Fast-forward to today, with Black’s The Predator in theaters. The revamp isn’t all bad, with a surprising number of laugh-out-loud moments and some inventive gory kills. The movie does indeed demonstrate some understanding of what the audience might expect from a movie called The Predator. But maybe that’s the problem, because the first two Predators obviously didn’t give a shit what the audience might expect. The 2018 update feels neutered, like it’s trying to justify an R rating with an overload of blood and f-bombs; the blood is CGI, the f-bombs arbitrary, and The Predator on the whole feels like it was conceived after Kingsman and Mad Max and Deadpool and Logan did good things for Hollywood’s bank account. The muscles it flexes are muscles we’ve seen before, certainly not those of an “explosive reinvention.”

The original Predator didn’t overextend itself in order to appeal to adult audiences.
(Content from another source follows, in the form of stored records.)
(* Let $D,\ell\in\mathbb{N}$ and $m=\ell D$. Suppose $H,A\subset[0,1)$ are $2^{-m}$-sets such that $H$ is $(D,\ell,R)$-uniform and $A$ is $(D,\ell,R')$-uniform. Then \[ |A+H|\ge2^{-m/D}|H|\prod_{s\in[\ell]:\,R_s=1}R'_s. \]
   Context: A $2^{-m}$-set is a set all of whose elements are integer multiples of $2^{-m}$. $[\ell]=\{0,\dots,\ell-1\}$. $\mathcal{D}_s$ is the family of dyadic intervals $[j2^{-s},(j+1)2^{-s})$, $\mathcal{D}_s(E)$ those meeting $E$, and $\mathcal{N}(E,s)=|\mathcal{D}_s(E)|$. Given a sequence $(R_s)_{s\in[\ell]}$ with values in $[1,2^D]$, a $2^{-m}$-set $A$ is $(D,\ell,R)$-uniform if $\mathcal{N}(A\cap I,(s+1)D)=R_s$ for every $s\in[\ell]$ and every $I\in\mathcal{D}_{sD}(A)$. $A+H=\{a+h:a\in A,h\in H\}$. *)

theory Defs
  imports Complex_Main
begin

definition dyadic_grid_set :: "nat \<Rightarrow> real set \<Rightarrow> bool" where
  "dyadic_grid_set m E \<longleftrightarrow> (\<forall>x\<in>E. \<exists>k::int. x = of_int k / 2 ^ m)"

definition dyadic_intervals :: "nat \<Rightarrow> real set set" where
  "dyadic_intervals s = {{x. of_int j / 2 ^ s \<le> x \<and> x < (of_int j + 1) / 2 ^ s} | j::int. True}"

definition dyadic_intervals_meeting :: "nat \<Rightarrow> real set \<Rightarrow> real set set" where
  "dyadic_intervals_meeting s E = {I \<in> dyadic_intervals s. I \<inter> E \<noteq> {}}"

definition covering_number :: "real set \<Rightarrow> nat \<Rightarrow> nat" where
  "covering_number E s = card (dyadic_intervals_meeting s E)"

definition uniform_set :: "nat \<Rightarrow> nat \<Rightarrow> (nat \<Rightarrow> nat) \<Rightarrow> real set \<Rightarrow> bool" where
  "uniform_set D l R A \<longleftrightarrow>
     (\<forall>s<l. \<forall>I\<in>dyadic_intervals_meeting (s * D) A.
        covering_number (A \<inter> I) ((s + 1) * D) = R s)"

definition sumset :: "real set \<Rightarrow> real set \<Rightarrow> real set" where
  "sumset A H = {a + h | a h. a \<in> A \<and> h \<in> H}"

end

theory Submission
  imports Defs
begin

text \<open>
  Prune A to a subset A' that keeps all children of its dyadic intervals at the levels s with
  R s = 1 and a single child at every other level. Then |A'| is at least the product of the
  R' s with R s = 1, and at every level one of A' and H does not branch. For such a pair, a sum
  z = a + h together with the level-s digits of a and h determines their level-(s+1) digits up
  to a carry bit, so z has at most 2^l representations and |A'| |H| <= 2^l |A' + H|.
\<close>

lemma card_eq_sum_card_fibers: "finite X \<Longrightarrow> card X = (\<Sum>y\<in>g ` X. card {x \<in> X. g x = y})"
  using sum_fun_comp[of X "g ` X" g "\<lambda>_. 1 :: nat"] by simp

lemma card_le_mult_card_image:
  assumes "finite X" "\<And>y. y \<in> g ` X \<Longrightarrow> card {x \<in> X. g x = y} \<le> k"
  shows "card X \<le> k * card (g ` X)"
proof -
  have "card X = (\<Sum>y\<in>g ` X. card {x \<in> X. g x = y})"
    using assms(1) by (rule card_eq_sum_card_fibers)
  also have "\<dots> \<le> (\<Sum>y\<in>g ` X. k)"
    by (rule sum_mono) (rule assms(2))
  finally show ?thesis
    by (simp add: mult.commute)
qed

lemma card_le_2_if_coordinate_fixed:
  fixes U :: "(int \<times> int) set"
  assumes sum_in: "\<And>u. u \<in> U \<Longrightarrow> fst u + snd u \<in> {k - 1, k}"
    and fixed: "(\<forall>u\<in>U. \<forall>v\<in>U. fst u = fst v) \<or> (\<forall>u\<in>U. \<forall>v\<in>U. snd u = snd v)"
  shows "card U \<le> 2"
proof (cases "U = {}")
  case False
  then obtain u0 where "u0 \<in> U"
    by blast
  have "\<exists>x y. U \<subseteq> {x, y}"
    using fixed
  proof
    assume fst_fixed: "\<forall>u\<in>U. \<forall>v\<in>U. fst u = fst v"
    have "U \<subseteq> {(fst u0, k - 1 - fst u0), (fst u0, k - fst u0)}"
    proof
      fix u assume "u \<in> U"
      then have "fst u = fst u0" "fst u + snd u \<in> {k - 1, k}"
        using fst_fixed sum_in \<open>u0 \<in> U\<close> by blast+
      then show "u \<in> {(fst u0, k - 1 - fst u0), (fst u0, k - fst u0)}"
        by (cases u) auto
    qed
    then show ?thesis
      by blast
  next
    assume snd_fixed: "\<forall>u\<in>U. \<forall>v\<in>U. snd u = snd v"
    have "U \<subseteq> {(k - 1 - snd u0, snd u0), (k - snd u0, snd u0)}"
    proof
      fix u assume "u \<in> U"
      then have "snd u = snd u0" "fst u + snd u \<in> {k - 1, k}"
        using snd_fixed sum_in \<open>u0 \<in> U\<close> by blast+
      then show "u \<in> {(k - 1 - snd u0, snd u0), (k - snd u0, snd u0)}"
        by (cases u) auto
    qed
    then show ?thesis
      by blast
  qed
  then obtain x y where "U \<subseteq> {x, y}"
    by blast
  then have "card U \<le> card {x, y}"
    by (intro card_mono) auto
  also have "\<dots> \<le> 2"
    by (simp add: card_insert_if)
  finally show ?thesis .
qed simp

section \<open>Pruning a tree of nested partitions\<close>

text \<open>Read p s x as the level-s cell containing x; the partitions are nested when p s factors
  through p (Suc s).\<close>

definition nonbranching :: "(nat \<Rightarrow> 'a \<Rightarrow> 'b) \<Rightarrow> nat \<Rightarrow> 'a set \<Rightarrow> bool" where
  "nonbranching p s A \<longleftrightarrow> (\<forall>x\<in>A. \<forall>y\<in>A. p s x = p s y \<longrightarrow> p (Suc s) x = p (Suc s) y)"

lemma nonbranchingD:
  "nonbranching p s A \<Longrightarrow> x \<in> A \<Longrightarrow> y \<in> A \<Longrightarrow> p s x = p s y \<Longrightarrow> p (Suc s) x = p (Suc s) y"
  unfolding nonbranching_def by blast

lemma nonbranching_subset: "nonbranching p s A \<Longrightarrow> B \<subseteq> A \<Longrightarrow> nonbranching p s B"
  unfolding nonbranching_def by blast

lemma nonbranching_if_card_children_eq_1:
  assumes "\<And>x. x \<in> A \<Longrightarrow> card (p (Suc s) ` {y \<in> A. p s y = p s x}) = 1"
  shows "nonbranching p s A"
  unfolding nonbranching_def
proof (intro ballI impI)
  fix x y assume "x \<in> A" "y \<in> A" "p s x = p s y"
  then have "p (Suc s) x \<in> p (Suc s) ` {y \<in> A. p s y = p s x}"
    "p (Suc s) y \<in> p (Suc s) ` {y \<in> A. p s y = p s x}"
    by auto
  with assms[OF \<open>x \<in> A\<close>] show "p (Suc s) x = p (Suc s) y"
    by (metis card_1_singletonE singletonD)
qed

definition union_of_fibers :: "('a \<Rightarrow> 'b) \<Rightarrow> 'a set \<Rightarrow> 'a set \<Rightarrow> bool" where
  "union_of_fibers f A B \<longleftrightarrow> B \<subseteq> A \<and> (\<forall>a\<in>A. \<forall>b\<in>B. f a = f b \<longrightarrow> a \<in> B)"

lemma union_of_fibers_refl: "union_of_fibers f A A"
  unfolding union_of_fibers_def by blast

lemma union_of_fibers_refine:
  "union_of_fibers f A B \<Longrightarrow> (\<And>x. f x = c (g x)) \<Longrightarrow> union_of_fibers g A B"
  unfolding union_of_fibers_def by metis

lemma card_children_of_union_of_fibers:
  assumes "finite A" "union_of_fibers (p s) A B"
    and coarsen: "\<And>x. p s x = c (p (Suc s) x)"
    and uniform: "\<And>x. x \<in> A \<Longrightarrow> card (p (Suc s) ` {y \<in> A. p s y = p s x}) = N"
  shows "card (p (Suc s) ` B) = N * card (p s ` B)"
proof -
  have finite_B: "finite B"
    using assms(1,2) finite_subset unfolding union_of_fibers_def by blast
  have fiber: "{j \<in> p (Suc s) ` B. c j = p s x} = p (Suc s) ` {y \<in> A. p s y = p s x}" if "x \<in> B" for x
  proof
    show "{j \<in> p (Suc s) ` B. c j = p s x} \<subseteq> p (Suc s) ` {y \<in> A. p s y = p s x}"
      using assms(2) coarsen unfolding union_of_fibers_def by force
    show "p (Suc s) ` {y \<in> A. p s y = p s x} \<subseteq> {j \<in> p (Suc s) ` B. c j = p s x}"
      using assms(2) that coarsen unfolding union_of_fibers_def by force
  qed
  have "card (p (Suc s) ` B) = (\<Sum>q\<in>c ` p (Suc s) ` B. card {j \<in> p (Suc s) ` B. c j = q})"
    using finite_B by (simp add: card_eq_sum_card_fibers)
  also have "c ` p (Suc s) ` B = p s ` B"
    unfolding image_image coarsen ..
  also have "(\<Sum>q\<in>p s ` B. card {j \<in> p (Suc s) ` B. c j = q}) = (\<Sum>q\<in>p s ` B. N)"
    using assms(2) by (intro sum.cong) (auto simp: fiber uniform union_of_fibers_def)
  finally show ?thesis
    by simp
qed

lemma exists_nonbranching_subset:
  assumes "finite B" "union_of_fibers (p s) A B" and coarsen: "\<And>x. p s x = c (p (Suc s) x)"
  obtains B' where "B' \<subseteq> B" "union_of_fibers (p (Suc s)) A B'" "nonbranching p s B'"
    "card (p s ` B) \<le> card (p (Suc s) ` B')"
proof
  define child where "child q = p (Suc s) (SOME b. b \<in> B \<and> p s b = q)" for q
  define B' where "B' = {b \<in> B. p (Suc s) b = child (p s b)}"
  show "B' \<subseteq> B" "nonbranching p s B'"
    unfolding B'_def nonbranching_def by auto
  show "union_of_fibers (p (Suc s)) A B'"
    unfolding union_of_fibers_def
  proof (intro conjI ballI impI)
    show "B' \<subseteq> A"
      using assms(2) unfolding union_of_fibers_def B'_def by blast
    fix a b assume "a \<in> A" "b \<in> B'" "p (Suc s) a = p (Suc s) b"
    moreover from this have "p s a = p s b"
      using coarsen by metis
    ultimately show "a \<in> B'"
      using assms(2) unfolding union_of_fibers_def B'_def by auto
  qed
  have "p s ` B \<subseteq> p s ` B'"
  proof
    fix q assume "q \<in> p s ` B"
    define b where "b = (SOME b. b \<in> B \<and> p s b = q)"
    have b: "b \<in> B \<and> p s b = q"
      unfolding b_def by (rule someI_ex) (use \<open>q \<in> p s ` B\<close> in blast)
    moreover have "child q = p (Suc s) b"
      unfolding child_def b_def ..
    ultimately have "b \<in> B'"
      unfolding B'_def by simp
    with b show "q \<in> p s ` B'"
      by blast
  qed
  then have "card (p s ` B) \<le> card (p s ` B')"
    using assms(1) \<open>B' \<subseteq> B\<close> by (intro card_mono) (auto intro: finite_subset)
  also have "p s ` B' = c ` p (Suc s) ` B'"
    unfolding image_image coarsen ..
  also have "card \<dots> \<le> card (p (Suc s) ` B')"
    using assms(1) \<open>B' \<subseteq> B\<close> by (intro card_image_le) (auto intro: finite_subset)
  finally show "card (p s ` B) \<le> card (p (Suc s) ` B')" .
qed

lemma exists_pruned_subset:
  fixes p :: "nat \<Rightarrow> 'a \<Rightarrow> 'b"
  assumes "finite A" "A \<noteq> {}"
    and coarsen: "\<And>s x. p s x = c s (p (Suc s) x)"
    and uniform: "\<And>s x. s < l \<Longrightarrow> x \<in> A \<Longrightarrow> card (p (Suc s) ` {y \<in> A. p s y = p s x}) = N s"
  obtains A' where "A' \<subseteq> A" "\<And>s. s < l \<Longrightarrow> \<not> Q s \<Longrightarrow> nonbranching p s A'"
    "(\<Prod>s | s < l \<and> Q s. N s) \<le> card (p l ` A')"
proof -
  \<comment> \<open>Being a union of level-t cells of A, the pruned set inherits the branching numbers of A.\<close>
  have "\<exists>B. union_of_fibers (p t) A B \<and> (\<forall>s<t. \<not> Q s \<longrightarrow> nonbranching p s B)
          \<and> (\<Prod>s | s < t \<and> Q s. N s) \<le> card (p t ` B)" if "t \<le> l" for t
    using that
  proof (induction t)
    case 0
    have "1 \<le> card (p 0 ` A)"
      using assms(1,2) by (simp add: Suc_le_eq card_gt_0_iff)
    then show ?case
      using union_of_fibers_refl by auto
  next
    case (Suc t)
    then obtain B where B: "union_of_fibers (p t) A B" "\<forall>s<t. \<not> Q s \<longrightarrow> nonbranching p s B"
        "(\<Prod>s | s < t \<and> Q s. N s) \<le> card (p t ` B)" and "t < l"
      by auto
    have finite_B: "finite B"
      using B(1) assms(1) finite_subset unfolding union_of_fibers_def by blast
    show ?case
    proof (cases "Q t")
      case True
      have "card (p (Suc t) ` B) = N t * card (p t ` B)"
        using card_children_of_union_of_fibers[OF assms(1) B(1) coarsen uniform[OF \<open>t < l\<close>]] .
      moreover have "{s. s < Suc t \<and> Q s} = insert t {s. s < t \<and> Q s}"
        using True less_Suc_eq by auto
      ultimately have "(\<Prod>s | s < Suc t \<and> Q s. N s) \<le> card (p (Suc t) ` B)"
        using B(3) by simp
      moreover have "union_of_fibers (p (Suc t)) A B"
        using B(1) coarsen by (rule union_of_fibers_refine)
      moreover have "\<forall>s<Suc t. \<not> Q s \<longrightarrow> nonbranching p s B"
        using B(2) True less_Suc_eq by auto
      ultimately show ?thesis
        by blast
    next
      case False
      obtain B' where B': "B' \<subseteq> B" "union_of_fibers (p (Suc t)) A B'" "nonbranching p t B'"
          "card (p t ` B) \<le> card (p (Suc t) ` B')"
        using exists_nonbranching_subset[OF finite_B B(1) coarsen] by blast
      moreover have "{s. s < Suc t \<and> Q s} = {s. s < t \<and> Q s}"
        using False less_Suc_eq by auto
      moreover have "\<forall>s<Suc t. \<not> Q s \<longrightarrow> nonbranching p s B'"
        using B(2) B'(1,3) less_Suc_eq by (auto intro: nonbranching_subset)
      ultimately show ?thesis
        using B(3) B'(2,4) by auto
    qed
  qed
  then show ?thesis
    using that unfolding union_of_fibers_def by blast
qed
The brilliant moments of cheesy macho bullshit came in something as simple as a handshake. Hell, I’d give the thing an R-rating for this alone:

And the first sequel didn’t do that, either. The MPAA initially gave Predator 2 an NC-17 rating, so Hopkins and Co. actually cut a bunch of scenes to bring it down to an R. These movies are loud in a way we will never see again, meaning they’re bombastic, roaring, lurid, over-the-top. The 2018 Predator is loud, sure, because it’s trying to be, meaning it’s just straight-up obnoxious. When the 2018 Predator opens his mouth it’s not to call anyone a motherfucker — it’s to disperse plot exposition. Ew.

Maybe it’s not fair to fault Shane Black; this is just the world we’re in now, three decades removed from the heyday of Arnold Schwarzenegger’s glistening pectorals and Danny Glover’s glistening everything. Still, the greatest lesson of the beautifully absurd Predator 2 should be this: when Gary Busey appears to be the most understated and elegant presence in your film, you’re doing it right.